Year of Award

2019

Document Type

Dissertation - Campus Access Only

Degree Type

Doctor of Philosophy (PhD)

Degree Name

Cellular, Molecular and Microbial Biology

Department or School/College

Division of Biological Sciences

Committee Chair

Mark Grimes

Commitee Members

Ekaterina Voronina, Brent Ryckman, Monica Serban, J. Stephen Lodmell

Keywords

cell signaling, craniofacial cartilage, neural crest, neuroblastoma

Publisher

University of Montana

Abstract

Receptor Tyrosine Kinases (RTKs) are a family of cell surface receptors that bind extracellular ligands and initiate cellular signaling pathways. These pathways ultimately influence cellular behaviors such as cell proliferation, migration, and differentiation. Consequently, mutations and amplifications of RTK genes contribute to the development of several cancers, including neuroblastoma. Neuroblastoma originates from neural crest cells, which are formed as the neural tube closes during vertebrate development. The neural crest differentiates and migrates to form cells of several lineages including the peripheral nervous system, melanocytes, and craniofacial cartilage. These processes are tightly controlled by RTK signaling, and failures in differentiation may lead to uncontrolled cell growth and tumor formation. While extensive research has characterized individual RTK signaling pathways in control of neural crest differentiation, it is unknown how signals from several different receptors are integrated to produce a cellular response. In Chapter 2, we investigate the regulation of RTK activity through endocytosis, which controls RTK degradation and receptor recycling to the plasma membrane. Here we show that the SRC family kinases (SFKs) are located in endosomes of neuroblastoma cells, and are activated by RTKs.

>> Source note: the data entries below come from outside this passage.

lemma norm_Bhat_le:
  assumes phi: "phi_ok \<phi>" and B: "\<And>x. \<bar>\<phi> x\<bar> \<le> B" and c: "6 \<le> c"
    and [measurable]: "v \<in> borel_measurable lborel"
  shows "ennreal (cmod (Bhat \<phi> c v \<xi>))
    \<le> (\<integral>\<^sup>+\<eta>. ennreal (64 * B^2 / (1 + \<xi>^2 + \<bar>\<eta>\<bar>) * cmod (v \<eta>) * cmod (v (\<eta> - \<xi>))) \<partial>lborel)"
proof -
  define h where "h \<eta> = complex_of_real (Mmult \<phi> c \<xi> \<eta>) * v \<eta> * cnj (v (\<eta> - \<xi>))" for \<eta>
  have [measurable]: "v \<in> borel_measurable borel"
    by simp
  have [measurable]: "h \<in> borel_measurable lborel"
    unfolding h_def using phi by measurable
  have eq: "cmod (Bhat \<phi> c v \<xi>) = \<bar>\<xi>\<bar> * cmod (integral\<^sup>L lborel h)"
    unfolding Bhat_def h_def by (simp add: norm_mult)
  have pointwise: "ennreal \<bar>\<xi>\<bar> * ennreal (cmod (h \<eta>))
      \<le> ennreal (64 * B^2 / (1 + \<xi>^2 + \<bar>\<eta>\<bar>) * cmod (v \<eta>) * cmod (v (\<eta> - \<xi>)))" for \<eta>
  proof -
    have "\<bar>\<xi>\<bar> * cmod (h \<eta>) = (\<bar>\<xi>\<bar> * \<bar>Mmult \<phi> c \<xi> \<eta>\<bar>) * (cmod (v \<eta>) * cmod (v (\<eta> - \<xi>)))"
      unfolding h_def by (simp add: norm_mult mult_ac)
    also have "\<dots> \<le> 64 * B^2 / (1 + \<xi>^2 + \<bar>\<eta>\<bar>) * (cmod (v \<eta>) * cmod (v (\<eta> - \<xi>)))"
      by (intro mult_right_mono abs_mult_Mmult_le[OF phi B c]) auto
    finally show ?thesis
      by (simp add: ennreal_mult[symmetric] ennreal_leI mult_ac)
  qed
  show ?thesis
  proof (cases "integrable lborel h")
    case True
    have "ennreal (cmod (Bhat \<phi> c v \<xi>)) = ennreal \<bar>\<xi>\<bar> * ennreal (cmod (integral\<^sup>L lborel h))"
      unfolding eq by (simp add: ennreal_mult)
    also have "\<dots> \<le> ennreal \<bar>\<xi>\<bar> * (\<integral>\<^sup>+\<eta>. ennreal (cmod (h \<eta>)) \<partial>lborel)"
      using integral_norm_bound_ennreal[OF True] by (intro mult_left_mono) auto
    also have "\<dots> = (\<integral>\<^sup>+\<eta>. ennreal \<bar>\<xi>\<bar> * ennreal (cmod (h \<eta>)) \<partial>lborel)"
      by (rule nn_integral_cmult[symmetric]) measurable
    also have "\<dots> \<le> (\<integral>\<^sup>+\<eta>. ennreal (64 * B^2 / (1 + \<xi>^2 + \<bar>\<eta>\<bar>) * cmod (v \<eta>) * cmod (v (\<eta> - \<xi>))) \<partial>lborel)"
      by (intro nn_integral_mono pointwise)
    finally show ?thesis .
  next
    case False
    then show ?thesis
      unfolding eq by (simp add: not_integrable_integral_eq)
  qed
qed

lemma ennreal_mult_bilinear_kernel_Hs_density:
  assumes "0 \<le> C"
  shows "ennreal ((1 + \<xi>^2) powr (b / 2)) * ennreal (C / (1 + \<xi>^2 + \<bar>\<eta>\<bar>) * cmod (v \<eta>) * cmod (v (\<eta> - \<xi>)))
    = ennreal C * ennreal (bilinear_kernel a b \<xi> \<eta> * Hs_density a v \<eta> * Hs_density a v (\<eta> - \<xi>))"
    (is "ennreal ?S * ennreal ?X = ennreal C * ennreal ?Y")
proof -
  have cancel: "S * (C / D * x * y) = C * (S / (P1 * P2 * D) * (P1 * x) * (P2 * y))"
    if "P1 \<noteq> 0" "P2 \<noteq> 0" for S C D x y P1 P2 :: real
    using that by (simp add: field_simps)
  have pos: "0 < 1 + t^2" for t :: real
    by (simp add: add_pos_nonneg)
  have "0 < 1 + \<xi>^2 + \<bar>\<eta>\<bar>"
    by (simp add: add_pos_nonneg)
  then have "ennreal ?S * ennreal ?X = ennreal (?S * ?X)"
    using assms by (intro ennreal_mult[symmetric]) simp_all
  also have "?S * ?X = C * ?Y"
    unfolding bilinear_kernel_def Hs_density_def
    by (rule cancel) (use pos[of \<eta>] pos[of "\<eta> - \<xi>"] in auto)
  also have "ennreal (C * ?Y) = ennreal C * ennreal ?Y"
    using assms by (intro ennreal_mult) (simp_all add: bilinear_kernel_nonneg Hs_density_nonneg)
  finally show ?thesis .
qed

Furthermore, SFK localization within different endosome populations changed in response to signaling by ALK and KIT. The scaffold protein, PAG1, forms signaling complexes containing SFKs as well as members of other pathways downstream of RTKs. To understand how PAG1 directs pSFK endocytosis and sequestration, we generated a PAG1 protein lacking the transmembrane domain. We define a model where PAG1 directs pSFK localization in responses tailored to different receptors and overall signaling. PAG1 mutation increased SFK activity in cells, but decreased SFK activity in endosomes and reduced cell differentiation. In Chapter 3, to better understand differences in signaling between human neural crest and neuroblastoma, we generated neural crest stem cells from human embryonic stem cells. During differentiation, neural crest cells unexpectedly formed cartilage, a cell lineage derived from neural crest. We investigated the differentiation of craniofacial cartilage and developed a protocol for production of cartilage organoids. Organoids are a promising model for neural crest development as well as a potential source of cartilage for facial reconstructions.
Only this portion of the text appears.